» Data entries
lemma cancellable_principal:
  fixes a :: "'a::idom"
  assumes "a \<noteq> 0" shows "cancellable {0} (principal_ideal a)"
  unfolding cancellable_def
proof (intro allI impI subsetI)
  fix Y Z :: "'a set" and y
  assume Y: "is_ideal Y" and Z: "is_ideal Z" and s: "Rprod {0} (principal_ideal a) Y \<subseteq> Rprod {0} (principal_ideal a) Z"
    and y: "y \<in> Y"
  have "Rprod {0} (principal_ideal a) Z \<subseteq> (*) a ` Z"
  proof (rule Rprod_least[OF image_mult_ideal[OF Z]])
    show "{0} \<subseteq> (*) a ` Z" using ideal_0[OF Z] by (auto intro: image_eqI[of _ _ 0])
    fix u v assume "u \<in> principal_ideal a" "v \<in> Z"
    then obtain d where "u = a * d" unfolding principal_ideal_def by blast
    thus "u * v \<in> (*) a ` Z" using ideal_multL[OF Z \<open>v \<in> Z\<close>, of d] by (auto simp: mult.assoc intro: image_eqI[of _ _ "d*v"])
  qed
  moreover have "a * y \<in> Rprod {0} (principal_ideal a) Y" using Rprod_mem[OF principal_ideal_self y] by simp
  ultimately obtain z where "z \<in> Z" "a * y = a * z" using s by blast
  thus "y \<in> Z" using assms by simp
qed

lemma cancellable_mod_prime:
  fixes a :: "'a::comm_ring_1"
  assumes P: "prime_ideal P" and a: "a \<notin> P"
  shows "cancellable P (ideal_plus P (principal_ideal a))"
  unfolding cancellable_def
proof (intro allI impI subsetI)
  fix Y Z :: "'a set" and y
  assume Y: "is_ideal Y" and Z: "is_ideal Z" and PY: "P \<subseteq> Y" and PZ: "P \<subseteq> Z"
    and s: "Rprod P (ideal_plus P (principal_ideal a)) Y \<subseteq> Rprod P (ideal_plus P (principal_ideal a)) Z" and y: "y \<in> Y"
  have Pi: "is_ideal P" using P unfolding prime_ideal_def by blast
  have "Rprod P (ideal_plus P (principal_ideal a)) Z \<subseteq> ideal_plus P ((*) a ` Z)"
  proof (rule Rprod_least[OF ideal_plus_ideal[OF Pi image_mult_ideal[OF Z]]])
    show "P \<subseteq> ideal_plus P ((*) a ` Z)" by (rule ideal_plus_subL[OF image_mult_ideal[OF Z]])
    fix u v assume "u \<in> ideal_plus P (principal_ideal a)" "v \<in> Z"
    then obtain p d where pd: "p \<in> P" "u = p + a * d" unfolding ideal_plus_def principal_ideal_def by blast
    have "u * v = p * v + a * (d * v)" using pd by (simp add: algebra_simps)
    moreover have "p * v \<in> P" by (rule ideal_multR[OF Pi pd(1)])
    moreover have "a * (d * v) \<in> (*) a ` Z" using ideal_multL[OF Z \<open>v \<in> Z\<close>, of d] by blast
    ultimately show "u * v \<in> ideal_plus P ((*) a ` Z)" unfolding ideal_plus_def by blast
  qed
  moreover have "a \<in> ideal_plus P (principal_ideal a)" using ideal_plus_memI[OF ideal_0[OF Pi] principal_ideal_self, of a] by simp
  hence "a * y \<in> Rprod P (ideal_plus P (principal_ideal a)) Y" using Rprod_mem[OF _ y] by blast
  ultimately obtain p z where pz: "p \<in> P" "z \<in> Z" "a * y = p + a * z" using s unfolding ideal_plus_def by blast
  hence "a * (y - z) \<in> P" by (simp add: algebra_simps)
  hence "y - z \<in> P" using P a unfolding prime_ideal_def by blast
  hence "y - z \<in> Z" using PZ by blast
  thus "y \<in> Z" using ideal_diff_mem[OF Z _ pz(2)] by blast
qed

lemma prime_idealD: "prime_ideal P \<Longrightarrow> is_ideal P" "prime_ideal P \<Longrightarrow> P \<noteq> UNIV"
  "prime_ideal P \<Longrightarrow> x * y \<in> P \<Longrightarrow> x \<in> P \<or> y \<in> P"
  unfolding prime_ideal_def by blast+

lemma prime_prod:
  assumes "prime_ideal P" "finite B" "(\<Prod>j\<in>B. f j) \<in> P"
  shows "\<exists>j\<in>B. f j \<in> P"
  using assms(2,3)
proof (induction B rule: finite_induct)
  case empty
  then show ?case using assms(1) ideal_1 prime_idealD by fastforce
next
  case (insert x F)
  then show ?case using prime_idealD(3)[OF assms(1), of "f x" "prod f F"] by auto
qed

lemma prime_sub_Rprod_set:
  assumes "prime_ideal P" "finite B" "Rprod_set K G B \<subseteq> P"
  shows "\<exists>j\<in>B. G j \<subseteq> P"
proof (rule ccontr)
  assume "\<not> ?thesis"
  hence "\<forall>j\<in>B. \<exists>g. g \<in> G j \<and> g \<notin> P" by blast
  then obtain f where f: "\<forall>j\<in>B. f j \<in> G j \<and> f j \<notin> P" by metis
  have "(\<Prod>j\<in>B. f j) \<in> Rprod_set K G B" by (rule Rprod_set_mem) (use f in blast)
  hence "(\<Prod>j\<in>B. f j) \<in> P" using assms(3) by blast
  thus False using prime_prod[OF assms(1,2)] f by blast
qed

lemma prime_factorisations_common_factor:
  fixes F :: "'i \<Rightarrow> 'a::comm_ring_1 set" and G :: "'j \<Rightarrow> 'a set"
  assumes fin: "finite A" "finite B" "A \<noteq> {}"
    and hF: "\<forall>i\<in>A. prime_ideal (F i) \<and> K \<subseteq> F i" and hG: "\<forall>j\<in>B. prime_ideal (G j) \<and> K \<subseteq> G j"
    and eq: "Rprod_set K F A = Rprod_set K G B"
  shows "\<exists>i\<in>A. \<exists>j\<in>B. G j = F i"
proof -
  obtain M where M: "M \<in> F ` A" "\<forall>b\<in>F ` A. b \<subseteq> M \<longrightarrow> M = b"
    using finite_has_minimal[of "F ` A"] fin by blast
  then obtain i0 where i0: "i0 \<in> A" "F i0 = M" by blast
  have "Rprod_set K G B \<subseteq> F i0"
    using Rprod_set_sub_factor[OF fin(1) i0(1)] hF i0(1) prime_idealD(1) eq by metis
  then obtain j0 where j0: "j0 \<in> B" "G j0 \<subseteq> F i0"
    using prime_sub_Rprod_set[OF _ fin(2)] hF i0(1) by blast
  have "Rprod_set K F A \<subseteq> G j0"
    using Rprod_set_sub_factor[OF fin(2) j0(1)] hG j0(1) prime_idealD(1) eq by metis
  then obtain i1 where i1: "i1 \<in> A" "F i1 \<subseteq> G j0"
    using prime_sub_Rprod_set[OF _ fin(1)] hG j0(1) by blast
  have "F i1 = F i0" using M i0 i1 j0 by blast
  thus ?thesis using i0(1) i1 j0 by blast
qed

lemma prime_factorisation_unique:
  fixes F :: "'i \<Rightarrow> 'a::comm_ring_1 set" and G :: "'j \<Rightarrow> 'a set"
  assumes fin: "finite A" "finite B"
    and hF: "\<forall>i\<in>A. prime_ideal (F i) \<and> K \<subseteq> F i \<and> cancellable K (F i)"
    and hG: "\<forall>j\<in>B. prime_ideal (G j) \<and> K \<subseteq> G j"
    and eq: "Rprod_set K F A = Rprod_set K G B"
  shows "Rprod_set {0} F A = Rprod_set {0} G B"
  using fin hF hG eq
proof (induction "card A" arbitrary: A B rule: less_induct)
  case less
  show ?case
  proof (cases "A = {}")
    case True
    have "B = {}"
    proof (rule ccontr)
      assume "B \<noteq> {}" then obtain j where j: "j \<in> B" by blast
      have "Rprod_set K G B \<subseteq> G j"
        using Rprod_set_sub_factor[OF less.prems(2) j] less.prems(4) j prime_idealD(1) by blast
      hence "G j = UNIV" using less.prems(5) True by (auto simp: Rprod_set_empty)
      thus False using less.prems(4) j prime_idealD(2) by blast
    qed
    thus ?thesis using True by (simp add: Rprod_set_empty)
  next
    case False
    then obtain i0 j0 where ij: "i0 \<in> A" "j0 \<in> B" "G j0 = F i0"
      using prime_factorisations_common_factor[OF less.prems(1,2) False _ _ less.prems(5)] less.prems(3,4)
      by blast
    have c: "cancellable K (F i0)" using less.prems(3) ij(1) by blast
    have "Rprod K (F i0) (Rprod_set K F (A - {i0})) = Rprod K (F i0) (Rprod_set K G (B - {j0}))"
      using less.prems(5) Rprod_set_remove[OF less.prems(1) ij(1), of K F]
        Rprod_set_remove[OF less.prems(2) ij(2), of K G] ij(3) by simp
    hence "Rprod_set K F (A - {i0}) = Rprod_set K G (B - {j0})"
      using cancellableD[OF c Rprod_set_ideal Rprod_set_ideal Rprod_set_K Rprod_set_K] by (metis subset_antisym order_refl)
    moreover have "card (A - {i0}) < card A" using ij(1) less.prems(1) by (meson card_Diff1_less)
    ultimately have "Rprod_set {0} F (A - {i0}) = Rprod_set {0} G (B - {j0})"
      using less.hyps[of "A - {i0}" "B - {j0}"] less.prems by auto
    thus ?thesis
      using Rprod_set_remove[OF less.prems(1) ij(1), of "{0}" F]
        Rprod_set_remove[OF less.prems(2) ij(2), of "{0}" G] ij(3) by simp
  qed
qed

lemma dedekind_factorisation:
  assumes "dedekind_domain TYPE('a::idom)" "is_ideal (A::'a set)" "A \<noteq> {0}" "A \<noteq> UNIV"
  shows "\<exists>(m::nat) G. (\<forall>l<m. prime_ideal (G l)) \<and> A = Rprod_set {0} G {..<m}"
proof -
  have "\<exists>m Q. m \<ge> 1 \<and> (\<forall>l<m. prime_ideal (Q l)) \<and> A = ideal_Prod Q m"
    using assms(1) assms(2-4) unfolding dedekind_domain_def by simp
  then obtain m Q where "(\<forall>l<m. prime_ideal (Q l))" "A = ideal_Prod Q m" by blast
  thus ?thesis unfolding ideal_Prod_eq by blast
qed

lemma maximal_ideal_eq: "maximal_ideal Q \<Longrightarrow> is_ideal M \<Longrightarrow> Q \<subseteq> M \<Longrightarrow> M \<noteq> UNIV \<Longrightarrow> M = Q"
proof (rule ccontr)
  assume mQ: "maximal_ideal Q" and M: "is_ideal M" "Q \<subseteq> M" "M \<noteq> UNIV" and ne: "M \<noteq> Q"
  then obtain x where x: "x \<in> M" "x \<notin> Q" by blast
  hence "ideal_plus Q (principal_ideal x) = UNIV" using mQ unfolding maximal_ideal_def by blast
  moreover have "ideal_plus Q (principal_ideal x) \<subseteq> M" using ideal_plus_least[OF M(1) M(2) principal_ideal_sub[OF M(1) x(1)]] .
  ultimately show False using M(3) by blast
qed

lemma Rprod_mod_square_plus_principal:
  fixes a :: "'a::comm_ring_1"
  assumes Pi: "is_ideal P"
  shows "Rprod P (ideal_plus P (principal_ideal a)) (ideal_plus P (principal_ideal a)) = ideal_plus P (principal_ideal (a * a))"
proof (rule subset_antisym)
  show "Rprod P (ideal_plus P (principal_ideal a)) (ideal_plus P (principal_ideal a)) \<subseteq> ideal_plus P (principal_ideal (a * a))"
  proof (rule Rprod_least[OF ideal_plus_ideal[OF Pi is_ideal_principal_ideal] ideal_plus_subL[OF is_ideal_principal_ideal]])
    fix u v assume "u \<in> ideal_plus P (principal_ideal a)" "v \<in> ideal_plus P (principal_ideal a)"
    then obtain p d p' d' where pd: "p \<in> P" "u = p + a * d" "p' \<in> P" "v = p' + a * d'"
      unfolding ideal_plus_def principal_ideal_def by blast
    have "u * v = (p * v + (a * d) * p') + (a * a) * (d * d')" using pd by (simp add: algebra_simps)
    moreover have "p * v + (a * d) * p' \<in> P"
      using ideal_add[OF Pi ideal_multR[OF Pi pd(1)] ideal_multL[OF Pi pd(3)]] by blast
    ultimately show "u * v \<in> ideal_plus P (principal_ideal (a * a))" unfolding ideal_plus_def principal_ideal_def by blast
  qed
  show "ideal_plus P (principal_ideal (a * a)) \<subseteq> Rprod P (ideal_plus P (principal_ideal a)) (ideal_plus P (principal_ideal a))"
  proof
    fix z assume "z \<in> ideal_plus P (principal_ideal (a * a))"
    then obtain p d where pd: "p \<in> P" "z = p + a * (a * d)" unfolding ideal_plus_def principal_ideal_def by (auto simp: mult.assoc)
    have a1: "a \<in> ideal_plus P (principal_ideal a)" using ideal_plus_memI[OF ideal_0[OF Pi] principal_ideal_self, of a] by simp
    have a2: "a * d \<in> ideal_plus P (principal_ideal a)" using ideal_plus_memI[OF ideal_0[OF Pi] principal_ideal_mem, of a d] by simp
    have "a * (a * d) \<in> Rprod P (ideal_plus P (principal_ideal a)) (ideal_plus P (principal_ideal a))" by (rule Rprod_mem[OF a1 a2])
    moreover have "p \<in> Rprod P (ideal_plus P (principal_ideal a)) (ideal_plus P (principal_ideal a))" using Rprod_K pd(1) by blast
    ultimately show "z \<in> Rprod P (ideal_plus P (principal_ideal a)) (ideal_plus P (principal_ideal a))"
      using ideal_add[OF Rprod_ideal] pd(2) by (metis add.commute)
  qed
qed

» ACTIVITY
Set the lines down exactly, from the first line of the records to the line where "then obtain d" appears, with both ends kept.

» RESPONSE BOX
lemma cancellable_principal:
  fixes a :: "'a::idom"
  assumes "a \<noteq> 0" shows "cancellable {0} (principal_ideal a)"
  unfolding cancellable_def
proof (intro allI impI subsetI)
  fix Y Z :: "'a set" and y
  assume Y: "is_ideal Y" and Z: "is_ideal Z" and s: "Rprod {0} (principal_ideal a) Y \<subseteq> Rprod {0} (principal_ideal a) Z"
    and y: "y \<in> Y"
  have "Rprod {0} (principal_ideal a) Z \<subseteq> (*) a ` Z"
  proof (rule Rprod_least[OF image_mult_ideal[OF Z]])
    show "{0} \<subseteq> (*) a ` Z" using ideal_0[OF Z] by (auto intro: image_eqI[of _ _ 0])
    fix u v assume "u \<in> principal_ideal a" "v \<in> Z"
    then obtain d where "u = a * d" unfolding principal_ideal_def by blast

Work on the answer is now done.